Zanotto – Há duas maneiras de medir esse avanço. Uma é a produção científica, que depende de acesso a materiais e recursos, inclusive físicos, para desenvolver os trabalhos. Há dificuldades, mas estamos nos organizando. A Anvisa [Agência Nacional de Vigilância Sanitária] está auxiliando, facilitando a entrada de recursos e de materiais, como reagentes, que está funcionando bem. Temos um potencial enorme de geração de ciência no Estado de São Paulo. Por outro lado, tem um segundo componente crucial, que é o controle da epidemia. O fato de estarmos gerando esses dois componentes, conhecimento científico e controle, é importante. O Brasil vai dar uma grande contribuição, até porque é aqui que temos a maior quantidade de casos. Percebo, atualmente, pelas várias propostas que estão surgindo, as modalidades de interação, de financiamento da comunidade europeia, financiamento no NIH, que estão levando em consideração esse aspecto de que eles têm parceiros aqui, o que é muito bom para todos. No nosso caso, a postura é a de parceria, colaboração. A comunidade científica brasileira é desenvolvida e tem capacidade de lidar bem com isso, dadas as circunstâncias de uma boa estrutura, com a academia funcionando, bom financiamento, boas articulações entre as instituições para um trabalho em rede, e boas articulações internacionais, que são necessárias até pela velocidade de evolução de certas soluções fundamentais.
Agência FAPESP – O que tem sido feito para acelerar os estudos relacionados à epidemia de Zika?
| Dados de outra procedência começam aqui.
lemma minimal_point_supported:
  assumes m: "m \<in> minimal_points n q a0 a1" and "0 < c"
    and upper: "\<And>p. p \<in> PD_lat n q a0 a1 \<Longrightarrow> fst p < fst m \<Longrightarrow> coord1 n q m < coord1 n q p \<Longrightarrow>
      slope n q m p \<le> c"
    and lower: "\<And>r. r \<in> PD_lat n q a0 a1 \<Longrightarrow> fst m < fst r \<Longrightarrow> coord1 n q r < coord1 n q m \<Longrightarrow>
      c \<le> slope n q m r"
    and p: "p \<in> PD_lat n q a0 a1"
  shows "0 \<le> real_of_int (fst p - fst m) + c * real_of_int (coord1 n q p - coord1 n q m)"
proof -
  consider "fst p \<le> fst m" "coord1 n q p \<le> coord1 n q m"
    | "fst p < fst m" "coord1 n q m < coord1 n q p"
    | "fst m < fst p" "coord1 n q p < coord1 n q m"
    | "fst m \<le> fst p" "coord1 n q m \<le> coord1 n q p"
    by linarith
  then show ?thesis
  proof cases
    case 1
    then have "p = m"
      using m p by (simp add: minimal_points_def)
    then show ?thesis
      by simp
  next
    case 2
    then have "real_of_int (fst m - fst p) \<le> c * real_of_int (coord1 n q p - coord1 n q m)"
      using upper[OF p] by (simp add: slope_def pos_divide_le_eq)
    then show ?thesis
      by (simp add: algebra_simps)
  next
    case 3
    then have "real_of_int (fst m - fst p) \<le> c * real_of_int (coord1 n q p - coord1 n q m)"
      using lower[OF p] by (simp add: slope_def neg_le_divide_eq)
    then show ?thesis
      by (simp add: algebra_simps)
  next
    case 4
    then show ?thesis
      using \<open>0 < c\<close> by simp
  qed
qed

lemma minimal_point_supporting_slope:
  assumes m: "m \<in> minimal_points n q a0 a1"
  obtains c :: real where "0 < c"
    "\<And>p. p \<in> PD_lat n q a0 a1 \<Longrightarrow>
       0 \<le> real_of_int (fst p - fst m) + c * real_of_int (coord1 n q p - coord1 n q m)"
proof -
  define U where "U = slope n q m ` {p \<in> PD_lat n q a0 a1. fst p < fst m \<and> coord1 n q m < coord1 n q p}"
  define L where "L = slope n q m ` {r \<in> PD_lat n q a0 a1. fst m < fst r \<and> coord1 n q r < coord1 n q m}"
  have "m \<in> PD_lat n q a0 a1"
    using m by (simp add: minimal_points_def)
  then have m_ht: "0 \<le> fst m + a0" "0 \<le> coord1 n q m + a1"
    by (auto simp: PD_lat_iff)
  have sep: "x \<le> y" if xy: "x \<in> U" "y \<in> L" for x y
  proof -
    obtain p r where p: "p \<in> PD_lat n q a0 a1" "fst p < fst m" "coord1 n q m < coord1 n q p"
      and r: "r \<in> PD_lat n q a0 a1" "fst m < fst r" "coord1 n q r < coord1 n q m"
      and slopes: "x = slope n q m p" "y = slope n q m r"
      using xy unfolding U_def L_def by blast
    have "(fst p - fst m) * (coord1 n q r - coord1 n q m)
        \<le> (fst r - fst m) * (coord1 n q p - coord1 n q m)"
      by (rule minimal_point_slopes[OF m p(1) r(1) p(2,3) r(2,3)])
    then have "real_of_int ((fst p - fst m) * (coord1 n q r - coord1 n q m))
        \<le> real_of_int ((fst r - fst m) * (coord1 n q p - coord1 n q m))"
      by (simp only: of_int_le_iff)
    then show ?thesis
      using p(3) r(3) unfolding slopes slope_def by (simp add: field_simps)
  qed
  have bdd: "bdd_above U"
  proof (rule bdd_aboveI)
    fix x assume "x \<in> U"
    then obtain p where p: "p \<in> PD_lat n q a0 a1" "fst p < fst m" "coord1 n q m < coord1 n q p"
      and "x = slope n q m p"
      unfolding U_def by blast
    have "slope n q m p \<le> real_of_int (fst m - fst p) / 1"
      unfolding slope_def using p by (intro divide_left_mono) auto
    then show "x \<le> real_of_int (fst m + a0)"
      using p(1) \<open>x = slope n q m p\<close> by (simp add: PD_lat_iff)
  qed
  \<comment> \<open>This bound keeps \<open>c\<close> positive when no lattice point lies to the upper left of \<open>m\<close>.\<close>
  have e_le: "1 / (1 + real_of_int (coord1 n q m + a1)) \<le> y" if y: "y \<in> L" for y
  proof -
    obtain r where r: "r \<in> PD_lat n q a0 a1" "fst m < fst r" "coord1 n q r < coord1 n q m"
      and "y = slope n q m r"
      using y unfolding L_def by blast
    have "y = real_of_int (fst r - fst m) / real_of_int (coord1 n q m - coord1 n q r)"
      unfolding \<open>y = slope n q m r\<close> slope_def by (metis minus_diff_eq minus_divide_divide of_int_minus)
    moreover have "1 \<le> real_of_int (fst r - fst m)"
      "real_of_int (coord1 n q m - coord1 n q r) \<le> 1 + real_of_int (coord1 n q m + a1)"
      "0 < real_of_int (coord1 n q m - coord1 n q r)"
      using r by (auto simp: PD_lat_iff)
    ultimately show ?thesis
      by (simp add: frac_le)
  qed
  have e_pos: "0 < 1 / (1 + real_of_int (coord1 n q m + a1))"
    using m_ht by simp
  obtain c where c: "0 < c" "\<And>x. x \<in> U \<Longrightarrow> x \<le> c" "\<And>y. y \<in> L \<Longrightarrow> c \<le> y"
    using ex_pos_separating[OF sep bdd e_le e_pos] by blast
  show ?thesis
  proof (rule that[OF c(1)])
    fix p assume "p \<in> PD_lat n q a0 a1"
    then show "0 \<le> real_of_int (fst p - fst m) + c * real_of_int (coord1 n q p - coord1 n q m)"
      by (rule minimal_point_supported[OF m c(1), rotated 2]) (auto simp: U_def L_def intro: c(2,3))
  qed
qed

lemma finite_PD_lat_bounded:
  assumes "n > 0"
  shows "finite {p \<in> PD_lat n q a0 a1. fst p \<le> A \<and> coord1 n q p \<le> B}"
proof -
  let ?S = "{p \<in> PD_lat n q a0 a1. fst p \<le> A \<and> coord1 n q p \<le> B}"
  let ?coords = "\<lambda>p. (fst p, coord1 n q p)"
  have "?coords ` ?S \<subseteq> {- a0..A} \<times> {- a1..B}"
    by (auto simp: PD_lat_iff)
  then have "finite (?coords ` ?S)"
    by (rule finite_subset) simp
  moreover have "inj_on ?coords ?S"
    by (intro inj_onI coord1_eq_imp_eq[OF assms]) auto
  ultimately show ?thesis
    by (rule finite_imageD)
qed

lemma finite_PD_lat_level:
  assumes "n > 0" "0 < c" "m \<in> PD_lat n q a0 a1"
  shows "finite {p \<in> PD_lat n q a0 a1.
           real_of_int (fst p - fst m) + c * real_of_int (coord1 n q p - coord1 n q m) = 0}"
proof (rule finite_subset[OF _ finite_PD_lat_bounded[OF \<open>n > 0\<close>]])
  show "{p \<in> PD_lat n q a0 a1.
           real_of_int (fst p - fst m) + c * real_of_int (coord1 n q p - coord1 n q m) = 0}
      \<subseteq> {p \<in> PD_lat n q a0 a1. fst p \<le> fst m + \<lceil>c * real_of_int (coord1 n q m + a1)\<rceil>
            \<and> coord1 n q p \<le> coord1 n q m + \<lceil>real_of_int (fst m + a0) / c\<rceil>}"
  proof safe
    fix p assume p: "p \<in> PD_lat n q a0 a1"
      and level: "real_of_int (fst p - fst m) + c * real_of_int (coord1 n q p - coord1 n q m) = 0"
    have lo: "- a0 \<le> fst p" "- a1 \<le> coord1 n q p"
      using p by (auto simp: PD_lat_iff)
    have "c * real_of_int (- a1 - coord1 n q m) \<le> c * real_of_int (coord1 n q p - coord1 n q m)"
      using lo \<open>0 < c\<close> by (intro mult_left_mono) auto
    then have "real_of_int (fst p - fst m) \<le> c * real_of_int (coord1 n q m + a1)"
      using level by (simp add: algebra_simps)
    then show "fst p \<le> fst m + \<lceil>c * real_of_int (coord1 n q m + a1)\<rceil>"
      by linarith
    have "c * real_of_int (coord1 n q p - coord1 n q m) \<le> real_of_int (fst m + a0)"
      using level lo by linarith
    then have "real_of_int (coord1 n q p - coord1 n q m) \<le> real_of_int (fst m + a0) / c"
      using \<open>0 < c\<close> by (simp add: le_divide_eq mult.commute)
    then show "coord1 n q p \<le> coord1 n q m + \<lceil>real_of_int (fst m + a0) / c\<rceil>"
      by linarith
  qed
qed

lemma minimal_points_subset_Gset:
  assumes "n > 0"
  shows "minimal_points n q a0 a1 \<subseteq> Gset n q a0 a1"
proof
  fix m assume m: "m \<in> minimal_points n q a0 a1"
  then have m_PD: "m \<in> PD_lat n q a0 a1"
    by (simp add: minimal_points_def)
  obtain c :: real where "0 < c" and supp: "\<And>p. p \<in> PD_lat n q a0 a1 \<Longrightarrow>
      0 \<le> real_of_int (fst p - fst m) + c * real_of_int (coord1 n q p - coord1 n q m)"
    using minimal_point_supporting_slope[OF m] by blast
  define L where "L = realpt ` PD_lat n q a0 a1"
  define a :: "real \<times> real" where "a = (1 - c * real_of_int q, c * real_of_int n)"
  define k where "k = a \<bullet> realpt m"
  have a_realpt: "a \<bullet> realpt p - k
      = real_of_int (fst p - fst m) + c * real_of_int (coord1 n q p - coord1 n q m)" for p
    by (simp add: k_def a_def realpt_def coord1_def algebra_simps)
  have L_ge: "k \<le> a \<bullet> x" if x: "x \<in> L" for x
  proof -
    obtain p where p: "p \<in> PD_lat n q a0 a1" "x = realpt p"
      using x unfolding L_def by blast
    have "0 \<le> a \<bullet> realpt p - k"
      unfolding a_realpt using p(1) by (rule supp)
    then show ?thesis
      using p(2) by simp
  qed
  have "L \<inter> {x. a \<bullet> x = k} \<subseteq> realpt ` {p \<in> PD_lat n q a0 a1.
      real_of_int (fst p - fst m) + c * real_of_int (coord1 n q p - coord1 n q m) = 0}"
  proof
    fix x assume "x \<in> L \<inter> {x. a \<bullet> x = k}"
    then obtain p where p: "p \<in> PD_lat n q a0 a1" "x = realpt p" "a \<bullet> realpt p = k"
      unfolding L_def by auto
    then have "real_of_int (fst p - fst m) + c * real_of_int (coord1 n q p - coord1 n q m) = 0"
      using a_realpt[of p] by linarith
    then show "x \<in> realpt ` {p \<in> PD_lat n q a0 a1.
        real_of_int (fst p - fst m) + c * real_of_int (coord1 n q p - coord1 n q m) = 0}"
      using p(1,2) by blast
  qed
  then have "finite (L \<inter> {x. a \<bullet> x = k})"
    using finite_PD_lat_level[OF \<open>n > 0\<close> \<open>0 < c\<close> m_PD] by (meson finite_imageI finite_subset)
  moreover have "realpt m \<in> convex hull L \<inter> {x. a \<bullet> x = k}"
    using m_PD by (auto simp: L_def k_def intro: hull_inc)
  ultimately show "m \<in> Gset n q a0 a1"
    using compact_face_of_finite_level[OF L_ge] unfolding Gset_def L_def by blast
qed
Zanotto – Estamos acompanhando alguns casos de microcefalia em São Paulo e pretendemos desenvolver pesquisa básica totalmente inserida num contexto de utilidade pública quase que imediata. Qualquer coisa encontrada, potencialmente útil, deve ser disponibilizada, pois pode ter repercussão no diagnóstico, no acompanhamento das mães. Nesse sentido, a Capes viu o que a FAPESP fez ao aprovar rapidamente aditivos para projetos já vigentes, o que encurta muito a velocidade de indução, irrigando com recursos o que precisa ser irrigado, e está buscando agilizar o processo. O Ministério da Ciência Tecnologia e Inovação acompanhou esse processo e quer fazer o mesmo em uma modalidade com financiamento via FAPs e INCTs, ou seja, todos entenderam que não temos tempo a perder. Se fôssemos fazer os trâmites nos prazos convencionais, não teríamos tempo. A Capes está atenta a isso e quer tentar uma modalidade de fast track. A FAPESP fez isso e causou uma reação em cadeia em outros agentes indutores da pesquisa no Brasil. Isso é muito importante, pois criou mecanismos de agilização. Se isso tudo funcionar e tivermos no final dessa experiência um resultado positivo, podemos estar criando uma nova modalidade de atuação na indução de ciência no Brasil. Porque quando temos problemas exponenciais, as respostas têm que ser exponenciais. E isso começou a ser bem entendido pelos gestores de ciência e saúde no Brasil.